Sujet brûlant d’actualité, la dette publique n’est pourtant pas une invention récente. Créée au XIII° siècle en Italie, son histoire fait ressortir les spécificités de la crise actuelle.
C’est à Venise, Florence et Gênes, les trois grandes cités italiennes du XIII° siècle que l’on trouve la première trace de dette publique. Comme ce sera le cas jusqu’au siècle dernier, les emprunts d’Etat ont une unique vocation : financer les guerres.
Ce que l’on observe alors en Italie présente les trois caractéristiques qui peuvent nous permettre de parler de dette publique.
- Il s’agit réellement de la dette de la Cité et non d’un monarque comme cela avait pu être le cas dans le passé.
- La dette est pérenne. En effet, celle-ci peut se transmettre au cours du temps.
- Celle-ci est négociable. Cela signifie qu’elle peut être échangée, revendue ou encoretransmise par son possesseur à ses héritiers.
Si la Grèce a créé un précédent en annulant la moitié de sa dette, depuis le XIX° siècle les emprunts d’Etats étaient considérés comme peu risqués. Ce siècle verra justement l’apparition de rentiers, vivant de leurs obligations souveraines. Mais, avant cette époque, il était courant que l’Etat ne rembourse tout simplement pas ses créanciers.
Le roi de France Philippe Le Bel, par exemple, n’hésita pas à diminuer la dette de l’Etat par des dévaluations. La politique monétaire chaotique de son règne lui valut le surnom de « roi faux-monnayeur ».
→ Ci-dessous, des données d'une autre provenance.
(* Let $d=\infty$ and $C>0$. Then $$\mathcal P_d\subsetneq\mathcal A_d=T^\uparrow_{d,C}(\mathcal S_{d,C})\subsetneq\mathcal N_d\subsetneq\mathcal M_d,$$ and $T^\uparrow_{d,C}$ is a bijection from $\mathcal S_{d,C}$ onto $\mathcal A_d$ with inverse $T^\downarrow_{d,C}|_{\mathcal A_d}$. Moreover $T^\downarrow_{d,C}(\mathcal M_d)=\mathcal S_{d,C}$, and for every ${\boldsymbol\gamma}\in\mathcal M_d$ one has $(T^\uparrow_{d,C}\circ T^\downarrow_{d,C}){\boldsymbol\gamma}\le{\boldsymbol\gamma}$, with equality if and only if ${\boldsymbol\gamma}\in\mathcal A_d$.
   Context: Let $d\in\mathbb N\cup\{\infty\}$. Write $[d]=\{1,\dots,d\}$ if $d\in\mathbb N$ and $[d]=\mathbb N$ if $d=\infty$; for $s\in\mathbb N$, $[s]=\{1,\dots,s\}$. Let $\mathcal U_d$ be the set of all finite subsets of $[d]$. For families ${\boldsymbol\gamma}=(\gamma_u)_{u\in\mathcal U_d}$ of real numbers, inequalities and limits are meant componentwise, and $\mathbf 0$ denotes the zero family. The set of weights is $\mathcal W_d=\{{\boldsymbol\gamma}\in\mathbb R^{\mathcal U_d}:{\boldsymbol\gamma}\ge\mathbf 0\}$. For $v\in\mathcal U_d$ the difference operator $\Delta_v$ on $\mathbb R^{\mathcal U_d}$ is $(\Delta_v{\boldsymbol\gamma})_u=\sum_{w\subseteq v}(-1)^{|w|}\gamma_{u\cup w}$. Weights are completely monotone if $\Delta_v{\boldsymbol\gamma}\ge\mathbf 0$ for every $v\in\mathcal U_d$; $\mathcal M_d$ denotes the set of completely monotone weights. For $C>0$ let $\mathcal S_{d,C}=\{{\boldsymbol\gamma}\in\mathcal W_d:\sum_{v\in\mathcal U_d}C^{2|v|}\gamma_v<\infty\}$, and let $T^\uparrow_{d,C}\colon\mathcal S_{d,C}\to\mathcal W_d$, $(T^\uparrow_{d,C}{\boldsymbol\gamma})_u=\sum_{v\in\mathcal U_d,\,u\subseteq v}C^{2|v|}\gamma_v$. Define $T^\downarrow_{d,C}\colon\mathcal M_d\to\mathcal W_d$ by $(T^\downarrow_{d,C}{\boldsymbol\gamma})_u=C^{-2|u|}\lim_{s\to\infty}(\Delta_{[s]\setminus u}{\boldsymbol\gamma})_u$ for $d=\infty$ (the sequence is non-increasing in $[0,\gamma_u]$ for ${\boldsymbol\gamma}\in\mathcal M_d$). For $d=\infty$, with the convention $\max\emptyset=0$: $\mathcal N_d=\{{\boldsymbol\gamma}\in\mathcal M_d:\ \gamma_u\to0 \text{ as } \max u\to\infty\}$ (i.e. for every $\varepsilon>0$ there is $N$ with $\gamma_u<\varepsilon$ whenever $\max u\ge N$); $\mathcal P_d=\{{\boldsymbol\gamma}\in\mathcal M_d:\sum_{v\in\mathcal U_d}\gamma_v<\infty\}$; and $\mathcal A_d=\{{\boldsymbol\gamma}\in\mathcal M_d:\lim_{r\to\infty}\lim_{s\to\infty}\Delta_{[s]\setminus[r]}{\boldsymbol\gamma}={\boldsymbol\gamma}\}$ (componentwise iterated limits). *)

theory Defs
  imports "HOL-Analysis.Analysis"
begin
lemma integral_pair_measure_mixture:
  fixes F :: "_ \<times> _ \<Rightarrow> real"
  assumes A: "prob_space A" and B: "prob_space B" and P: "prob_space P" and Q: "prob_space Q"
    and mixP: "mixture_law A I a \<alpha> P" and mixQ: "mixture_law B J b \<beta> Q"
    and F: "F \<in> borel_measurable (P \<Otimes>\<^sub>M Q)" and Fc: "\<And>z. z \<in> space (P \<Otimes>\<^sub>M Q) \<Longrightarrow> \<bar>F z\<bar> \<le> c"
  shows "(\<integral>z. F z \<partial>(P \<Otimes>\<^sub>M Q))
    = (\<integral>z. (\<Sum>i\<in>I. a i (fst z) * (\<Sum>j\<in>J. b j (snd z) * F (\<alpha> i (fst z), \<beta> j (snd z)))) \<partial>(A \<Otimes>\<^sub>M B))"
proof -
  interpret A: prob_space A by fact
  interpret B: prob_space B by fact
  define H where "H z = (\<Sum>i\<in>I. a i (fst z) * (\<Sum>j\<in>J. b j (snd z) * F (\<alpha> i (fst z), \<beta> j (snd z))))" for z
  have F_slice: "(\<lambda>v. F (u, v)) \<in> borel_measurable Q" "\<And>v. v \<in> space Q \<Longrightarrow> \<bar>F (u, v)\<bar> \<le> c"
    if "u \<in> space P" for u
    using that by (auto intro: measurable_Pair2[OF F] Fc simp: space_pair_measure)
  have slice: "(\<integral>v. F (\<alpha> i x, v) \<partial>Q) = (\<integral>y. (\<Sum>j\<in>J. b j y * F (\<alpha> i x, \<beta> j y)) \<partial>B)"
      "integrable B (\<lambda>y. \<Sum>j\<in>J. b j y * F (\<alpha> i x, \<beta> j y))"
    if "i \<in> I" "x \<in> space A" for i x
  proof -
    have "\<alpha> i x \<in> space P"
      using that(2) by (rule measurable_space[OF mixture_law_component_measurable[OF mixP that(1)]])
    from F_slice[OF this]
    show "(\<integral>v. F (\<alpha> i x, v) \<partial>Q) = (\<integral>y. (\<Sum>j\<in>J. b j y * F (\<alpha> i x, \<beta> j y)) \<partial>B)"
      "integrable B (\<lambda>y. \<Sum>j\<in>J. b j y * F (\<alpha> i x, \<beta> j y))"
      by (auto intro: mixture_law_integral[OF mixQ]
          mixture_law_integrable[OF mixQ B.finite_measure_axioms, of "\<lambda>v. F (\<alpha> i x, v)"])
  qed
  have "(\<integral>z. F z \<partial>(P \<Otimes>\<^sub>M Q)) = (\<integral>x. (\<Sum>i\<in>I. a i x * (\<integral>v. F (\<alpha> i x, v) \<partial>Q)) \<partial>A)"
    by (rule integral_pair_measure_mixture_fst[OF P Q mixP F Fc])
  also have "\<dots> = (\<integral>x. (\<integral>y. H (x, y) \<partial>B) \<partial>A)"
    using slice unfolding H_def
    by (intro Bochner_Integration.integral_cong refl) (simp add: Bochner_Integration.integral_sum)
  also have "\<dots> = (\<integral>z. H z \<partial>(A \<Otimes>\<^sub>M B))"
  proof (rule integral_pair_measure_bounded[symmetric])
    show "H \<in> borel_measurable (A \<Otimes>\<^sub>M B)"
      unfolding H_def using F mixture_law_weight_measurable[OF mixP] mixture_law_weight_measurable[OF mixQ]
        mixture_law_component_measurable[OF mixP] mixture_law_component_measurable[OF mixQ]
      by measurable
    show "\<bar>H z\<bar> \<le> real (card I) * (real (card J) * c)" if "z \<in> space (A \<Otimes>\<^sub>M B)" for z
      unfolding H_def using that F_slice(2)
      by (intro mixture_law_integrand_bounded[OF mixP] mixture_law_integrand_bounded[OF mixQ])
         (auto simp: space_pair_measure)
  qed simp_all
  finally show ?thesis
    unfolding H_def .
qed

lemma kZ_labelled_sum:
  "(\<Sum>j\<in>I. b j * kZ (x, i) (y j, j)) = (if i \<in> I then b i * k0 x (y i) else 0)" if "finite I"
  using that by (simp add: kZ_def if_distrib[of "(*) _"] cong: if_cong)

lemma integral_kZ_labelled_mixtures:
  assumes A: "prob_space A" and B: "prob_space B" and P: "prob_space P" and Q: "prob_space Q"
    and sets: "sets P = sets borel_Z" "sets Q = sets borel_Z"
    and mixP: "mixture_law A I a (\<lambda>i x. (u i x, i)) P"
    and mixQ: "mixture_law B I b (\<lambda>i y. (v i y, i)) Q"
  shows "(\<integral>y. kZ (fst y) (snd y) \<partial>(P \<Otimes>\<^sub>M Q))
    = (\<integral>z. (\<Sum>i\<in>I. a i (fst z) * b i (snd z) * k0 (u i (fst z)) (v i (snd z))) \<partial>(A \<Otimes>\<^sub>M B))"
proof -
  have meas: "(\<lambda>y. kZ (fst y) (snd y)) \<in> borel_measurable (P \<Otimes>\<^sub>M Q)"
    using measurable_kZ by (simp add: measurable_cong_sets[OF sets_pair_measure_cong[OF sets] refl])
  have bound: "\<bar>kZ (fst y) (snd y)\<bar> \<le> 1" for y :: "((real^'d) \<times> nat) \<times> ((real^'d) \<times> nat)"
    by (simp add: kZ_def abs_k0_le_1)
  have "(\<integral>y. kZ (fst y) (snd y) \<partial>(P \<Otimes>\<^sub>M Q))
    = (\<integral>z. (\<Sum>i\<in>I. a i (fst z) * (\<Sum>j\<in>I. b j (snd z) * kZ (u i (fst z), i) (v j (snd z), j))) \<partial>(A \<Otimes>\<^sub>M B))"
    using integral_pair_measure_mixture[OF A B P Q mixP mixQ meas bound] by simp
  also have "\<dots> = (\<integral>z. (\<Sum>i\<in>I. a i (fst z) * b i (snd z) * k0 (u i (fst z)) (v i (snd z))) \<partial>(A \<Otimes>\<^sub>M B))"
    using mixture_law_finite[OF mixP] by (simp add: kZ_labelled_sum mult.assoc)
  finally show ?thesis .
qed

lemma emeasure_unit_cube: "emeasure lborel (unit_cube :: (real^'d) set) = 1"
proof -
  have cube: "unit_cube = cbox (0::real^'d) 1"
    unfolding unit_cube_def by (auto simp: mem_box_cart)
  show ?thesis
    unfolding cube by (subst emeasure_lborel_cbox) (auto simp: Basis_vec_def inner_axis intro!: prod.neutral)
qed

lemma prob_space_unif_cube: "prob_space (unif_cube :: (real^'d) measure)"
  unfolding unif_cube_def by (rule prob_space_uniform_measure) (auto simp: emeasure_unit_cube)

lemma sets_unif_cube [measurable_cong]: "sets (unif_cube :: (real^'d) measure) = sets borel"
  unfolding unif_cube_def by simp

lemma integrable_k0_unif_cube:
  "integrable (unif_cube \<Otimes>\<^sub>M unif_cube) (\<lambda>z. k0 (fst z) (snd z :: real^'d))"
proof -
  interpret U: prob_space "unif_cube :: (real^'d) measure"
    by (rule prob_space_unif_cube)
  interpret UU: pair_prob_space "unif_cube :: (real^'d) measure" "unif_cube :: (real^'d) measure" ..
  show ?thesis
    by (rule UU.integrable_bounded[where c=1]) (auto simp: abs_k0_le_1)
qed

lemma prob_space_uniform_count_space:
  "finite S \<Longrightarrow> S \<noteq> {} \<Longrightarrow> prob_space (uniform_measure (count_space UNIV) S)"
  by (rule prob_space_uniform_measure) auto

lemma integral_uniform_count_space:
  fixes f :: "'a \<Rightarrow> real"
  assumes "finite S" "S \<noteq> {}"
  shows "(\<integral>i. f i \<partial>uniform_measure (count_space UNIV) S) = (\<Sum>i\<in>S. f i) / card S"
proof -
  have "0 < card S"
    using assms by (simp add: card_gt_0_iff)
  then have "uniform_measure (count_space UNIV) S
      = density (count_space UNIV) (\<lambda>i. ennreal (indicator S i / card S))"
    unfolding uniform_measure_def using assms
    by (intro density_cong) (auto simp: indicator_def divide_ennreal[symmetric] ennreal_of_nat_eq_real_of_nat)
  then have "(\<integral>i. f i \<partial>uniform_measure (count_space UNIV) S)
      = (\<integral>i. indicator S i / card S * f i \<partial>count_space UNIV)"
    by (simp add: integral_density)
  also have "\<dots> = (\<Sum>i\<in>S. indicator S i / card S * f i)"
    using assms(1) by (subst lebesgue_integral_count_space_finite_support)
      (auto intro: finite_subset[of _ S] intro!: sum.mono_neutral_left simp: indicator_def)
  also have "\<dots> = (\<Sum>i\<in>S. f i) / card S"
    by (simp add: sum_divide_distrib)
  finally show ?thesis .
qed

lemma prob_space_unif_Z: "1 \<le> n \<Longrightarrow> prob_space (unif_Z n :: ((real^'d) \<times> nat) measure)"
  unfolding unif_Z_def
  by (intro prob_space_pair prob_space_unif_cube prob_space_uniform_count_space) auto

lemma sets_unif_Z: "sets (unif_Z n :: ((real^'d) \<times> nat) measure) = sets borel_Z"
  unfolding unif_Z_def by (intro sets_pair_measure_cong sets_unif_cube) simp

lemma mixture_law_unif_Z:
  assumes "1 \<le> n"
  shows "mixture_law unif_cube {1..n} (\<lambda>_ _. 1 / real n) (\<lambda>i w. (w, i)) (unif_Z n :: ((real^'d) \<times> nat) measure)"
proof (rule mixture_lawI)
  let ?L = "uniform_measure (count_space UNIV) {1..n}"
  interpret U: prob_space "unif_cube :: (real^'d) measure" by (rule prob_space_unif_cube)
  interpret L: prob_space ?L using assms by (intro prob_space_uniform_count_space) auto
  show "(\<lambda>w. (w, i)) \<in> measurable unif_cube (unif_Z n)" for i
    unfolding unif_Z_def by measurable
  fix f :: "(real^'d) \<times> nat \<Rightarrow> real" and c
  assume "f \<in> borel_measurable (unif_Z n)" "\<And>z. z \<in> space (unif_Z n) \<Longrightarrow> \<bar>f z\<bar> \<le> c"
  then have "(\<integral>z. f z \<partial>unif_Z n) = (\<integral>w. (\<integral>l. f (w, l) \<partial>?L) \<partial>unif_cube)"
    unfolding unif_Z_def
    by (intro integral_pair_measure_bounded U.finite_measure_axioms L.finite_measure_axioms)
  also have "\<dots> = (\<integral>w. (\<Sum>l\<in>{1..n}. 1 / real n * f (w, l)) \<partial>unif_cube)"
    using assms by (simp add: integral_uniform_count_space sum_divide_distrib)
  finally show "(\<integral>z. f z \<partial>unif_Z n) = (\<integral>w. (\<Sum>l\<in>{1..n}. 1 / real n * f (w, l)) \<partial>unif_cube)" .
qed (use assms in auto)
Par ailleurs, il est intéressant de remarquer que la naissance de la monnaie-papier est étroitement liée aux emprunts d’Etat1. A sa mort, Louis XIV laissa les finances françaises dans une situation très difficile2. Sous les conseils de l’écossais John Law, l’Etat français émis alors de la monnaie- papier reposant sur l’or confié par la noblesse. Une grande quantité d’or fut ainsi fournie à l’Etat. Mais, le succès du système de Law fut de courte durée et s’effondra lorsque, dans un vent de panique, les nobles reprirent leur or.
De la même façon, après la Révolution Française, afin d’annuler sa dette, l’Etat n’hésita pas à se saisir des biens du clergé et à émettre des assignats. Mais, beaucoup trop de billets furent produits et ils perdirent alors leur valeur. Cet épisode se termina également par un fiasco et la planche à billet fut brûlée place Vendôme !
Autre point remarquable : jusqu’à la seconde moitié du XX° siècle, la dette d’un Etat était principalement détenue par ses habitants. Aujourd’hui, environ 65% de la dette française est détenue par des étrangers.
En outre, jusqu’aux années 1960-1970 les obligations d’Etat pouvaient appartenir directement aux particuliers. Aujourd’hui, c’est de façon indirecte que les ménages en possèdent, sous forme d’assurance-vie, par exemple. Cela s’explique par le fait que les obligations ne sont plus vendues directement par la Banque de France mais accessibles uniquement sous la forme de produits financiers sur les marchés obligataires3.
Lydie Berget
1La valeur de la monnaie reposait jusqu’alors sur la quantité d’or des pièces.
2D’après les estimations des historiens, la dette représente 80% du PIB de 1715.
3La loi Pompidou de 1973, relayée par l’article 104 du traité de Maastricht de 1992, interdit aux banques centrales d’émettre directement des obligations.